- **Work instruction**
Return all lines of the data in which the string "imports" occurs.

Start of Dataset records

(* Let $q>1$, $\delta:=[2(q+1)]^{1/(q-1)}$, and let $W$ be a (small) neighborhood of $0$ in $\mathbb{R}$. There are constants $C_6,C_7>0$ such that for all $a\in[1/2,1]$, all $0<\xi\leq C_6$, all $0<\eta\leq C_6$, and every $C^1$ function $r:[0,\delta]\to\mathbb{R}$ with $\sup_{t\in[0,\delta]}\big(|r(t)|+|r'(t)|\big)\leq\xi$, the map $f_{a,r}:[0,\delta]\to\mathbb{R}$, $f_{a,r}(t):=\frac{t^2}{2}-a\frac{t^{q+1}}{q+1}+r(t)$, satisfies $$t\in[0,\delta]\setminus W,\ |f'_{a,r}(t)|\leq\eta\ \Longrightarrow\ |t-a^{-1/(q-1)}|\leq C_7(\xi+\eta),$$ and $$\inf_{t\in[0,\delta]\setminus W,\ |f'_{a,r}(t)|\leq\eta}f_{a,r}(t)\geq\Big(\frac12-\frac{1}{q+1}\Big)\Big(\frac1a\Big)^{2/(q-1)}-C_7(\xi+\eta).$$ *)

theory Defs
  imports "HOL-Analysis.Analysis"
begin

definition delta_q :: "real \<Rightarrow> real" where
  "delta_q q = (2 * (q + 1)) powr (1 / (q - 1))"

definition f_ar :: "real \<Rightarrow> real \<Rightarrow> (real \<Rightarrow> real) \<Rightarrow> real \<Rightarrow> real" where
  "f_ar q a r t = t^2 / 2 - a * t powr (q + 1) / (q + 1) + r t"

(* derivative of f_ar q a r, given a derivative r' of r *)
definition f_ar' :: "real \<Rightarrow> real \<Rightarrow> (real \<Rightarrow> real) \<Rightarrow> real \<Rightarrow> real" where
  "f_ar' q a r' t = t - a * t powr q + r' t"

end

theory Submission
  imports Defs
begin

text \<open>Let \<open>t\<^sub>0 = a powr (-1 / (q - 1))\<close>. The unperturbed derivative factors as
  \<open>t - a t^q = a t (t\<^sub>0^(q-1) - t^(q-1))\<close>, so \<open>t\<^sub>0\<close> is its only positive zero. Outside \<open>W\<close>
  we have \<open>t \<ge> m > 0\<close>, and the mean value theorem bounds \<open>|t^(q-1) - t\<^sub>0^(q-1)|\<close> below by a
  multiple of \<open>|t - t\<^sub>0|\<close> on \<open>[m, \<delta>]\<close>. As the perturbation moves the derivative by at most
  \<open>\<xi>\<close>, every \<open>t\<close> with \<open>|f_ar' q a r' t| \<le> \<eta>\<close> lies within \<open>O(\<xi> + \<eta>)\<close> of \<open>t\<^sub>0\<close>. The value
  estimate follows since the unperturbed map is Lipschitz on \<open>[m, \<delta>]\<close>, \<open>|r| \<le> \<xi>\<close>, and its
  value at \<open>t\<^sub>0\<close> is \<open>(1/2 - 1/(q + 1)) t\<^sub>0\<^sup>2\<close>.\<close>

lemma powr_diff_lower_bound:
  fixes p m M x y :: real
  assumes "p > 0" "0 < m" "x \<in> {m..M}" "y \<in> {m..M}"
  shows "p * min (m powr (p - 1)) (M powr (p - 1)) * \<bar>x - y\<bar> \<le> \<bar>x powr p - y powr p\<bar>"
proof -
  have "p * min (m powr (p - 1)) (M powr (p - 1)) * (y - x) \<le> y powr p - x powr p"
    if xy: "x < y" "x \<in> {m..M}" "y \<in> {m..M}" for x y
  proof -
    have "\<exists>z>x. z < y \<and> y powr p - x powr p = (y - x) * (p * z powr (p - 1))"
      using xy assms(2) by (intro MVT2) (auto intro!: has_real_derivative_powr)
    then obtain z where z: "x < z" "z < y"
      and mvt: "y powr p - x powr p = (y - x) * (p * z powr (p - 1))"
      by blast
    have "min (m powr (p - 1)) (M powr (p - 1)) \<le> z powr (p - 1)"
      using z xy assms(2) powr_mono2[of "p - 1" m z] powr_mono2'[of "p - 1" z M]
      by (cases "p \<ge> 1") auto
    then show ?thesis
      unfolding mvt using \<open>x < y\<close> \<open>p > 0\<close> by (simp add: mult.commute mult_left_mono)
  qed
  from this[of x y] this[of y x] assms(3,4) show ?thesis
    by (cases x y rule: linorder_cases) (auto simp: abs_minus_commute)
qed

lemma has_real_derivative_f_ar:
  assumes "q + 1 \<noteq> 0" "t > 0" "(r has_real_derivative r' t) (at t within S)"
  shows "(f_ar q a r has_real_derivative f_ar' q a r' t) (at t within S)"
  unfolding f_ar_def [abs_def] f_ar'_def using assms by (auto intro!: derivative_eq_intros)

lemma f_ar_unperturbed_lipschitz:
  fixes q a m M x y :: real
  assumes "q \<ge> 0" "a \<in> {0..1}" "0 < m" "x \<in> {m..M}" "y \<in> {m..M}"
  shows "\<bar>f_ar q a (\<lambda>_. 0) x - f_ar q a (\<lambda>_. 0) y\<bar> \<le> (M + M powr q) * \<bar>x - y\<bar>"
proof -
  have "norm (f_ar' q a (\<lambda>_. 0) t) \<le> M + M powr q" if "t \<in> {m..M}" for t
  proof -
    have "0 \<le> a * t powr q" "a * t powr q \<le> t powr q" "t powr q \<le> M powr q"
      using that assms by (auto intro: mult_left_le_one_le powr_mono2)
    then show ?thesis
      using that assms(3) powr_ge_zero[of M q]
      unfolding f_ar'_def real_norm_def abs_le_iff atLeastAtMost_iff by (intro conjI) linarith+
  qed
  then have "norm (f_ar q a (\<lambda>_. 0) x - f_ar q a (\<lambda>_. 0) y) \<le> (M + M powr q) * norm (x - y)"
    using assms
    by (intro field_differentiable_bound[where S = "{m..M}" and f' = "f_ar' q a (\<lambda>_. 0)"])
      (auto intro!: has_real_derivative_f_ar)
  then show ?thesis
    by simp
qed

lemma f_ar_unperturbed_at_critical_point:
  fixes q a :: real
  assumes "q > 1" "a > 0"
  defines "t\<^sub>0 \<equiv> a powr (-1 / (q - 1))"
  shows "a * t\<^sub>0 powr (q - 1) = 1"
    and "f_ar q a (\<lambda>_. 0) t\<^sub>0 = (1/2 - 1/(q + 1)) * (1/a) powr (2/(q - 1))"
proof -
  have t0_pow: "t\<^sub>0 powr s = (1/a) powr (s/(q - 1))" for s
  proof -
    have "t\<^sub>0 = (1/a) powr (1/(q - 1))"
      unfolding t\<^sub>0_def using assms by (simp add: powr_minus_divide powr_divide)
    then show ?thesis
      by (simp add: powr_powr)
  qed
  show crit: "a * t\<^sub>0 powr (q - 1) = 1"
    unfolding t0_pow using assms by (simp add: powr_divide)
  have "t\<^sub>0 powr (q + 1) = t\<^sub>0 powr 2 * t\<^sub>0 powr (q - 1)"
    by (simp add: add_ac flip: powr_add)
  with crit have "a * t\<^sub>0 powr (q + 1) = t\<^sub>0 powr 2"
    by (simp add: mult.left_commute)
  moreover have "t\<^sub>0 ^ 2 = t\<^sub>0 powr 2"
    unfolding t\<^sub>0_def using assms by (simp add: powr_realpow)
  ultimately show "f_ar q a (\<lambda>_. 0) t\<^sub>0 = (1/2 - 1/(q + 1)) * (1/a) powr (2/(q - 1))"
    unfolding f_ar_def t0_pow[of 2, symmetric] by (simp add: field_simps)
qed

End of Dataset records

- **Task answer**
  imports "HOL-Analysis.Analysis"
  imports Defs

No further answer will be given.